lemma one_minus_power_ge_cubic:
  fixes x :: real
  assumes "0 \<le> x" "x \<le> 1"
  shows "1 - real m * x + real m * (real m - 1) / 2 * x\<^sup>2
           - real m * (real m - 1) * (real m - 2) / 6 * x ^ 3 \<le> (1 - x) ^ m"
proof (induction m)
  case 0
  then show ?case by simp
next
  case (Suc m)
  define B where "B = 1 - real m * x + real m * (real m - 1) / 2 * x\<^sup>2
    - real m * (real m - 1) * (real m - 2) / 6 * x ^ 3"
  have "(1 - x) * B = 1 - real (Suc m) * x + real (Suc m) * (real (Suc m) - 1) / 2 * x\<^sup>2
      - real (Suc m) * (real (Suc m) - 1) * (real (Suc m) - 2) / 6 * x ^ 3
      + real m * (real m - 1) * (real m - 2) / 6 * x ^ 4"
    by (simp add: B_def field_simps power2_eq_square power3_eq_cube power4_eq_xxxx)
  moreover have "0 \<le> real m * (real m - 1) * (real m - 2)"
    by (cases "m \<le> 2") (auto simp: le_Suc_eq numeral_2_eq_2)
  ultimately have "1 - real (Suc m) * x + real (Suc m) * (real (Suc m) - 1) / 2 * x\<^sup>2
      - real (Suc m) * (real (Suc m) - 1) * (real (Suc m) - 2) / 6 * x ^ 3 \<le> (1 - x) * B"
    using \<open>0 \<le> x\<close> by simp
  also have "\<dots> \<le> (1 - x) * (1 - x) ^ m"
    using Suc \<open>x \<le> 1\<close> by (intro mult_left_mono) (auto simp: B_def)
  finally show ?case by simp
qed

lemma cubic_truncation_lower_bound:
  fixes N \<alpha> A :: real
  assumes "2 \<le> N" "0 < \<alpha>" "\<alpha> + 3 * N \<le> A"
  shows "4 * N * \<alpha> * A \<le> A ^ 3 - 4 * N * A\<^sup>2 + 2 * N * (4 * N - 1) * A
           - 2 / 3 * N * (4 * N - 1) * (4 * N - 2)"
proof -
  define s where "s = A - 3 * N"
  have "0 < s" using assms by (simp add: s_def)
  have "(N + 2)\<^sup>2 \<le> (2 * N)\<^sup>2"
    using assms by (intro power_mono) auto
  moreover have "s\<^sup>2 - (N + 2) * s + 13 * N\<^sup>2 / 3
      = (s - (N + 2) / 2)\<^sup>2 + ((2 * N)\<^sup>2 - (N + 2)\<^sup>2) / 4 + 10 * N\<^sup>2 / 3"
    by (simp add: power2_eq_square field_simps)
  ultimately have quadratic: "0 \<le> s\<^sup>2 - (N + 2) * s + 13 * N\<^sup>2 / 3"
    by (metis add_nonneg_nonneg diff_ge_0_iff_ge divide_nonneg_pos zero_le_power2 zero_less_numeral
        mult_nonneg_nonneg zero_le_numeral)
  have "2 * N \<le> N * N"
    using assms by (intro mult_right_mono) auto
  moreover have "0 \<le> N * (s\<^sup>2 - (N + 2) * s + 13 * N\<^sup>2 / 3)" "0 \<le> s ^ 3"
    using quadratic assms \<open>0 < s\<close> by simp_all
  ultimately have "0 \<le> N * (s\<^sup>2 - (N + 2) * s + 13 * N\<^sup>2 / 3) + s ^ 3 + 2 * N\<^sup>2 - 4 * N / 3"
    using assms(1) unfolding power2_eq_square by linarith
  also have "\<dots> = A ^ 3 - 4 * N * A\<^sup>2 + 2 * N * (4 * N - 1) * A
      - 2 / 3 * N * (4 * N - 1) * (4 * N - 2) - 4 * N * s * A"
    by (simp add: s_def field_simps power2_eq_square power3_eq_cube)
  finally have "4 * N * s * A \<le> A ^ 3 - 4 * N * A\<^sup>2 + 2 * N * (4 * N - 1) * A
      - 2 / 3 * N * (4 * N - 1) * (4 * N - 2)"
    by simp
  moreover have "4 * N * \<alpha> * A \<le> 4 * N * s * A"
    using assms \<open>0 < s\<close> by (intro mult_right_mono mult_left_mono) (auto simp: s_def)
  ultimately show ?thesis by linarith
qed

lemma contraction_power_lower_bound:
  fixes \<alpha> A :: real and n :: nat
  assumes "2 \<le> n" "0 < \<alpha>" "\<alpha> + 3 * real n \<le> A"
  shows "4 * real n * \<alpha> \<le> A\<^sup>2 * (1 - 1 / A) ^ (4 * n)"
proof -
  define N where "N = real n"
  have "2 \<le> N" "1 < A"
    using assms by (simp_all add: N_def)
  have "4 * N * \<alpha> \<le> (A ^ 3 - 4 * N * A\<^sup>2 + 2 * N * (4 * N - 1) * A
      - 2 / 3 * N * (4 * N - 1) * (4 * N - 2)) / A"
    using cubic_truncation_lower_bound[OF \<open>2 \<le> N\<close> \<open>0 < \<alpha>\<close>] assms \<open>1 < A\<close>
    by (simp add: N_def field_simps)
  also have "\<dots> = A\<^sup>2 * (1 - real (4 * n) * (1 / A) + real (4 * n) * (real (4 * n) - 1) / 2 * (1 / A)\<^sup>2
      - real (4 * n) * (real (4 * n) - 1) * (real (4 * n) - 2) / 6 * (1 / A) ^ 3)"
    using \<open>1 < A\<close> by (simp add: N_def field_simps power2_eq_square power3_eq_cube)
  also have "\<dots> \<le> A\<^sup>2 * (1 - 1 / A) ^ (4 * n)"
    using \<open>1 < A\<close> by (intro mult_left_mono one_minus_power_ge_cubic) auto
  finally show ?thesis by (simp add: N_def)
qed

definition sgld_factor :: "real \<Rightarrow> real \<Rightarrow> real \<Rightarrow> nat \<Rightarrow> nat \<Rightarrow> nat \<Rightarrow> real" where
  "sgld_factor \<alpha> \<beta> xh n r j =
     (if j mod n = r - 1 then sgld_lambda_hat \<alpha> \<beta> xh n else sgld_lambda \<alpha> \<beta> xh n)"

lemma sgld_iter_Suc_affine:
  "sgld_iter \<alpha> \<beta> xh c n r th0 xi (Suc j) \<omega>
     = sgld_factor \<alpha> \<beta> xh n r j * sgld_iter \<alpha> \<beta> xh c n r th0 xi j \<omega>
       + sgld_eta \<alpha> \<beta> xh n / 2 * (real n * \<beta> * sgld_y xh c n r j * sgld_x xh n r j)
       + sqrt (sgld_eta \<alpha> \<beta> xh n) * xi j \<omega>"
  by (cases "j mod n = r - 1")
     (simp_all add: sgld_factor_def sgld_x_def sgld_y_def sgld_lambda_hat_def sgld_lambda_def
       algebra_simps power2_eq_square)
--------------------------------
## What the task requires
When the line with "using assms by (intro power_mono) auto" is reached in the data above, start copying there, and copy each line exactly until the line with "using quadratic assms" has been copied; copy nothing else.

## Response box
    using assms by (intro power_mono) auto
  moreover have "s\<^sup>2 - (N + 2) * s + 13 * N\<^sup>2 / 3
      = (s - (N + 2) / 2)\<^sup>2 + ((2 * N)\<^sup>2 - (N + 2)\<^sup>2) / 4 + 10 * N\<^sup>2 / 3"
    by (simp add: power2_eq_square field_simps)
  ultimately have quadratic: "0 \<le> s\<^sup>2 - (N + 2) * s + 13 * N\<^sup>2 / 3"
    by (metis add_nonneg_nonneg diff_ge_0_iff_ge divide_nonneg_pos zero_le_power2 zero_less_numeral
        mult_nonneg_nonneg zero_le_numeral)
  have "2 * N \<le> N * N"
    using assms by (intro mult_right_mono) auto
  moreover have "0 \<le> N * (s\<^sup>2 - (N + 2) * s + 13 * N\<^sup>2 / 3)" "0 \<le> s ^ 3"
    using quadratic assms \<open>0 < s\<close> by simp_all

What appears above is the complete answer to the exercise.